Email Distribution List: worldwide-lcg-management-board@cern.ch
Email List Archive: worldwide-lcg-management-board (requires CERN authentication)
Minutes: Management Board Meeting Minutes
Action List: MbActionList
See also the: WLCG Document RepositoryWLCG Web Site

Zoom Meeting ID
66011416092
Host
Andrea Sciabà
Alternative hosts
Simone Campana, Maarten Litmaath
Useful links
Join via phone
Zoom URL
    • 4:00 PM 4:25 PM
      Minutes and Matters Arising 25m
      • WLCG Matters Arising 10m
        Speaker: Dr Tommaso Boccali (INFN Sezione di Pisa)
        • T1s/FAs: please remember to send your view on the strategy for the increased IT costs. We need it for the next LHCC!

        • We had a meeting with the WLCG CB Chairperson, in order to schedule our next actions. For the revision of Annex 5, which has been in the pipeline since some months, we propose:

          • We (WLCG management) go back and look at the comments left last year, and since they were mostly from 2-3 persons, we have a chat with them

          • Then, we propose (possibly by the next MB, but these are busy times) a general light review and an approval

          • Main open points: the LCG (CERN project)/WLCG (Collaboration) status and a clear procedure for the onboarding of Associated Partners

          • Indeed, we got a contact from EICO (EIC International Computing Organisation) for a potential interest in joining

         

        GPU/Heterogeneous computing: Following the discussions at the last LHCC, RRB, and the presentation by Antonio Perez at the March MB on the Job Allocation Task Force, we propose a plan towards an holistic approach to heterogeneous computing, with a clear focus on GPUs atm.

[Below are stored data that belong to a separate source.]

(* Let $n\ge 1$ and $m\ge 2$ be integers with $m\nmid n$, let $\ell=\lfloor n/m\rfloor$, and let $G_{n,m}=\{\theta_{m,0}+\sum_{k=1}^{\ell}a_k\theta_{m,k}: a_k\in\mathbb{F}_2\}$. If $f,g\in G_{n,m}$, then $f\circ g\in G_{n,m}$. In particular, $(G_{n,m},\circ)$ is a monoid.
   Context: For $x=(x_0,\dots,x_{n-1})\in\mathbb{F}_2^n$, indices of coordinates are taken modulo $n$. For a nonnegative integer $k$, the map $\theta_{m,k}\colon\mathbb{F}_2^n\to\mathbb{F}_2^n$ is defined by $\theta_{m,k}(x)=y$ with $y_i=x_{i+mk}\prod_{1\le j\le mk-1,\ m\nmid j}(x_{i+j}+1)$ for $i\in\{0,\dots,n-1\}$; $\theta_{m,0}$ is the identity map. Sums of maps are pointwise sums over $\mathbb{F}_2^n$, and $\circ$ denotes composition of maps. *)

theory Defs
  imports Main "HOL-Library.Z2" "HOL-Algebra.Group"
begin

text \<open>Vectors of F_2^n are modelled as functions nat => bit; only the
  coordinates 0..n-1 are meaningful, indices are reduced modulo n.\<close>

definition theta :: "nat \<Rightarrow> nat \<Rightarrow> nat \<Rightarrow> (nat \<Rightarrow> bit) \<Rightarrow> (nat \<Rightarrow> bit)" where
  "theta n m k x =
     (if k = 0 then x
      else (\<lambda>i. if i < n then
                  x ((i + m * k) mod n) *
                  (\<Prod>j\<in>{j. 1 \<le> j \<and> j \<le> m * k - 1 \<and> \<not> m dvd j}. x ((i + j) mod n) + 1)
                else 0))"

definition G_elem :: "nat \<Rightarrow> nat \<Rightarrow> (nat \<Rightarrow> bit) \<Rightarrow> (nat \<Rightarrow> bit) \<Rightarrow> (nat \<Rightarrow> bit)" where
  "G_elem n m a x = (\<lambda>i. theta n m 0 x i + (\<Sum>k\<in>{1..n div m}. a k * theta n m k x i))"

definition G :: "nat \<Rightarrow> nat \<Rightarrow> ((nat \<Rightarrow> bit) \<Rightarrow> (nat \<Rightarrow> bit)) set" where
  "G n m = {G_elem n m a | a. True}"

end

theory Submission
  imports "HOL-Computational_Algebra.Polynomial" Defs
begin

        The moment is quite interesting, since we have in the pipeline the WLCG Technical Roadmap, with a chapter dedicated to the subject.
        It needs to be fully clear upfront that the effort is a technical one, to make sure WLCG systems and procedures are in place to integrate heterogeneous resources. It is by no means a push to the experiment for their adoption, nor to the sites to provision GPUs. These decisions pertain to the experiments and sites, also through the C-RSG process. WLCG needs to be ready in case there is a convergence between these subjects, to effectively help towards the deployment (also at the level of pledges).

        A holistic approach is needed for this multifaceted problem. The main areas are at least:

          • Benchmarking: What is the HS23 equivalent of CPU-GPU systems? This is more complicated than benchmarking CPU because it will evolve over time as workflows make better use of the GPU.

          • Information System/Accounting: How is the information captured and reported? How dynamic is it? How detailed is it? This is more complex than with CPU.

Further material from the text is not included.